Today, while standard movie theaters across the country struggle to attract audiences because of the rise in streaming’s popularity, the Texas Theater has found the secret to success, community cultivation. Now, it’s thriving. While most other theaters play the standard blockbusters, the theater’s weekly schedule is packed with specific programming around vintage, foreign-made, and blockbuster movies, as well as comedians, live music, and dance recitals.
“We can see a lot of times where they come from, places like Denton, Fort Worth, Plano, sometimes like Garland; Mesquite even,” he said. “I can show you the same movies, but that’s not gonna really get you to drive from Plano. What’s gonna get you to drive from Plano is everything that makes it special.”
Out in the lobby, as guests mingle about before and after their movies, Henderson sets up a booth for his new book on the Blackspotation film genre.
“Thanks for buying my book,” he says to the moviegoers who stop at his booth.
A sizable line of post-“Blazing Saddles” moviegoers has formed around his booth. The theater’s patrons will also pass booths advocating for LGBTQ rights and voter registration on their way to the door.

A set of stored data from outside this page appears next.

lemma local_log_decomposition:
  assumes ab: "(a, b) \<in> U" and "\<delta> > 0"
  obtains \<epsilon> A B c1 c2 where "0 < \<epsilon>" "\<epsilon> \<le> \<delta>" "ball a \<epsilon> \<times> ball b \<epsilon> \<subseteq> U"
    "A holomorphic_on ball (a + b) (2 * \<epsilon>)" "B holomorphic_on ball (a - b) (2 * \<epsilon>)"
    "\<And>x y. x \<in> ball a \<epsilon> \<Longrightarrow> y \<in> ball b \<epsilon> \<Longrightarrow> 2 * f (x, y) = A (x + y) + B (x - y) + c1"
    "\<And>x y. x \<in> ball a \<epsilon> \<Longrightarrow> y \<in> ball b \<epsilon> \<Longrightarrow> 2 * f (y, x) = A (x + y) - B (x - y) + c2"
proof -
  obtain \<epsilon> A B where \<epsilon>: "0 < \<epsilon>" "\<epsilon> \<le> \<delta>" and V: "ball a \<epsilon> \<times> ball b \<epsilon> \<subseteq> U"
    and A: "A holomorphic_on ball (a + b) (2 * \<epsilon>)" "\<And>u. u \<in> ball (a + b) (2 * \<epsilon>) \<Longrightarrow> exp (A u) = G u"
    and B: "B holomorphic_on ball (a - b) (2 * \<epsilon>)" "\<And>u. u \<in> ball (a - b) (2 * \<epsilon>) \<Longrightarrow> exp (B u) = G u"
    using local_logs_of_G[OF assms] by blast
  let ?V = "ball a \<epsilon> \<times> ball b \<epsilon>"
  have conn: "connected ?V"
    by (intro convex_connected convex_Times convex_ball)
  have cont: "continuous_on ?V (\<lambda>q. A (fst q + snd q))" "continuous_on ?V (\<lambda>q. B (fst q - snd q))"
    "continuous_on ?V (\<lambda>q. 2 * f q)" "continuous_on ?V (\<lambda>q. 2 * f (snd q, fst q))"
  proof -
    show "continuous_on ?V (\<lambda>q. A (fst q + snd q))" "continuous_on ?V (\<lambda>q. B (fst q - snd q))"
      using continuous_on_compose_sum_diff A(1) B(1) by blast+
    show "continuous_on ?V (\<lambda>q. 2 * f q)"
      by (intro continuous_intros continuous_on_subset[OF continuous_f V])
    show "continuous_on ?V (\<lambda>q. 2 * f (snd q, fst q))"
      using V swap_in_U by (intro continuous_intros continuous_on_compose2[OF continuous_f]) auto
  qed
  have exps: "exp (2 * f q) = exp (A (fst q + snd q) + B (fst q - snd q))"
    "exp (2 * f (snd q, fst q)) = exp (A (fst q + snd q) - B (fst q - snd q))"
    if qV: "q \<in> ?V" for q
  proof -
    obtain x y where q: "q = (x, y)" and xy: "x \<in> ball a \<epsilon>" "y \<in> ball b \<epsilon>"
      using qV by (cases q) auto
    have "exp (A (x + y)) = G (x + y)" "exp (B (x - y)) = G (x - y)"
      using A(2)[OF sum_diff_in_balls(1)[OF xy]] B(2)[OF sum_diff_in_balls(2)[OF xy]] .
    moreover have "(x, y) \<in> U" using V xy by blast
    ultimately show "exp (2 * f q) = exp (A (fst q + snd q) + B (fst q - snd q))"
      "exp (2 * f (snd q, fst q)) = exp (A (fst q + snd q) - B (fst q - snd q))"
      using exp_2f exp_2f_swap by (simp_all add: q exp_add exp_diff)
  qed
  have "continuous_on ?V (\<lambda>q. A (fst q + snd q) + B (fst q - snd q))"
    by (intro continuous_intros cont(1,2))
  then obtain c1 where c1: "\<And>q. q \<in> ?V \<Longrightarrow> 2 * f q = A (fst q + snd q) + B (fst q - snd q) + c1"
    using continuous_logs_differ_by_constant[OF conn cont(3) _ exps(1)] by blast
  have "continuous_on ?V (\<lambda>q. A (fst q + snd q) - B (fst q - snd q))"
    by (intro continuous_intros cont(1,2))
  then obtain c2 where c2: "\<And>q. q \<in> ?V \<Longrightarrow> 2 * f (snd q, fst q) = A (fst q + snd q) - B (fst q - snd q) + c2"
    using continuous_logs_differ_by_constant[OF conn cont(4) _ exps(2)] by blast
  show ?thesis
  proof (rule that[OF \<epsilon> V A(1) B(1)])
    show "2 * f (x, y) = A (x + y) + B (x - y) + c1" "2 * f (y, x) = A (x + y) - B (x - y) + c2"
      if "x \<in> ball a \<epsilon>" "y \<in> ball b \<epsilon>" for x y
      using c1[of "(x, y)"] c2[of "(x, y)"] that by auto
  qed
qed

lemma partial_derivatives_symmetric:
  assumes ab: "(a, b) \<in> U"
  shows "\<exists>D. ((\<lambda>y. f (a, y)) has_field_derivative D) (at b) \<and>
             ((\<lambda>y. f (b, y)) has_field_derivative D) (at a)"
proof -
  obtain \<epsilon> A B c1 c2 where \<epsilon>: "0 < \<epsilon>" "\<epsilon> \<le> 1" "ball a \<epsilon> \<times> ball b \<epsilon> \<subseteq> U"
    and A: "A holomorphic_on ball (a + b) (2 * \<epsilon>)" and B: "B holomorphic_on ball (a - b) (2 * \<epsilon>)"
    and split: "\<And>x y. x \<in> ball a \<epsilon> \<Longrightarrow> y \<in> ball b \<epsilon> \<Longrightarrow> 2 * f (x, y) = A (x + y) + B (x - y) + c1"
      "\<And>x y. x \<in> ball a \<epsilon> \<Longrightarrow> y \<in> ball b \<epsilon> \<Longrightarrow> 2 * f (y, x) = A (x + y) - B (x - y) + c2"
    by (rule local_log_decomposition[OF ab zero_less_one]) (rule that)
  have centres: "a \<in> ball a \<epsilon>" "b \<in> ball b \<epsilon>"
    "a + b \<in> ball (a + b) (2 * \<epsilon>)" "a - b \<in> ball (a - b) (2 * \<epsilon>)"
    using \<epsilon>(1) by auto
  have [derivative_intros]: "(A has_field_derivative deriv A (a + b)) (at (a + b))"
    "(B has_field_derivative deriv B (a - b)) (at (a - b))"
    using A B centres(3,4) by (auto intro: holomorphic_derivI)
  define D where "D = (deriv A (a + b) - deriv B (a - b)) / 2"
  have "((\<lambda>y. (A (a + y) + B (a - y) + c1) / 2) has_field_derivative D) (at b)"
    unfolding D_def by (rule derivative_eq_intros DERIV_chain'[where g = A] DERIV_chain'[where g = B] refl | simp)+
  then have "((\<lambda>y. f (a, y)) has_field_derivative D) (at b)"
    by (rule has_field_derivative_transform_within_open[OF _ open_ball centres(2)])
       (use split(1)[OF centres(1)] in \<open>simp add: field_simps\<close>)
  moreover have "((\<lambda>x. (A (x + b) - B (x - b) + c2) / 2) has_field_derivative D) (at a)"
    unfolding D_def by (rule derivative_eq_intros DERIV_chain'[where g = A] DERIV_chain'[where g = B] refl | simp)+
  then have "((\<lambda>x. f (b, x)) has_field_derivative D) (at a)"
    by (rule has_field_derivative_transform_within_open[OF _ open_ball centres(1)])
       (use split(2)[OF _ centres(2)] in \<open>simp add: field_simps\<close>)
  ultimately show ?thesis by blast
qed

lemma local_primitive:
  assumes ab: "(a, b) \<in> U" and "\<delta> > 0"
  obtains \<epsilon> P where "0 < \<epsilon>" "\<epsilon> \<le> \<delta>" "ball a \<epsilon> \<times> ball b \<epsilon> \<subseteq> U"
    "\<And>x y. x \<in> ball a \<epsilon> \<Longrightarrow> y \<in> ball b \<epsilon> \<Longrightarrow> ((\<lambda>t. P (t, y)) has_field_derivative f (x, y)) (at x)"
    "\<And>x y. x \<in> ball a \<epsilon> \<Longrightarrow> y \<in> ball b \<epsilon> \<Longrightarrow> ((\<lambda>t. P (x, t)) has_field_derivative f (y, x)) (at y)"
proof -
  obtain \<epsilon> A B c1 c2 where \<epsilon>: "0 < \<epsilon>" "\<epsilon> \<le> \<delta>" "ball a \<epsilon> \<times> ball b \<epsilon> \<subseteq> U"
    and A: "A holomorphic_on ball (a + b) (2 * \<epsilon>)" and B: "B holomorphic_on ball (a - b) (2 * \<epsilon>)"
    and split: "\<And>x y. x \<in> ball a \<epsilon> \<Longrightarrow> y \<in> ball b \<epsilon> \<Longrightarrow> 2 * f (x, y) = A (x + y) + B (x - y) + c1"
      "\<And>x y. x \<in> ball a \<epsilon> \<Longrightarrow> y \<in> ball b \<epsilon> \<Longrightarrow> 2 * f (y, x) = A (x + y) - B (x - y) + c2"
    by (rule local_log_decomposition[OF assms]) (rule that)
  obtain Ah where Ah: "\<And>u. u \<in> ball (a + b) (2 * \<epsilon>) \<Longrightarrow> (Ah has_field_derivative A u) (at u)"
    by (rule holomorphic_primitive_on_ball[OF A]) (rule that)
  obtain Bh where Bh: "\<And>u. u \<in> ball (a - b) (2 * \<epsilon>) \<Longrightarrow> (Bh has_field_derivative B u) (at u)"
    by (rule holomorphic_primitive_on_ball[OF B]) (rule that)
  define P where "P q = (Ah (fst q + snd q) + Bh (fst q - snd q) + c1 * fst q + c2 * snd q) / 2" for q
  have "((\<lambda>t. P (t, y)) has_field_derivative f (x, y)) (at x)"
    "((\<lambda>t. P (x, t)) has_field_derivative f (y, x)) (at y)"
    if "x \<in> ball a \<epsilon>" "y \<in> ball b \<epsilon>" for x y
  proof -
    note [derivative_intros] = Ah[OF sum_diff_in_balls(1)[OF that]] Bh[OF sum_diff_in_balls(2)[OF that]]
    have "(A (x + y) + B (x - y) + c1) / 2 = f (x, y)" "(A (x + y) - B (x - y) + c2) / 2 = f (y, x)"
      using split[OF that] by (simp_all add: field_simps)
    moreover have "((\<lambda>t. P (t, y)) has_field_derivative (A (x + y) + B (x - y) + c1) / 2) (at x)"
      "((\<lambda>t. P (x, t)) has_field_derivative (A (x + y) - B (x - y) + c2) / 2) (at y)"
      unfolding P_def fst_conv snd_conv
      by (rule derivative_eq_intros DERIV_chain'[where g = Ah] DERIV_chain'[where g = Bh] refl | simp)+
    ultimately show "((\<lambda>t. P (t, y)) has_field_derivative f (x, y)) (at x)"
      "((\<lambda>t. P (x, t)) has_field_derivative f (y, x)) (at y)"
      by argo+
  qed
  with \<epsilon> show ?thesis by (rule that)
qed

For many people, like Wilonksy, the pilgrimage to the theater is about connection and appreciation to the art form.
“Having a theater that showed older films, having a repertory theater, helps remind audiences that these were not things made for small television screens, but they were meant to be seen in a communal environment with a big screen that engulfs you,” Wilonsky said. “So to see old films, to see independent films has been nothing short of incredible and significant.”
Through its efforts, and the community’s support, the theater has since renovated and added a new upstairs bar, new balcony seating, and a second screen upstairs equipped with a 35 millimeter film projector, making it one of the few places that can show one of the Academy’s (yes, the one celebrities thank when they win an Oscar) archival print. With no plans to stop or slow down, the future of the theater looks stronger than ever.
“We do so many things, that are to us, the real heart of what we do,” Reimer said. “It harkens back to the 1931 purpose of the building.”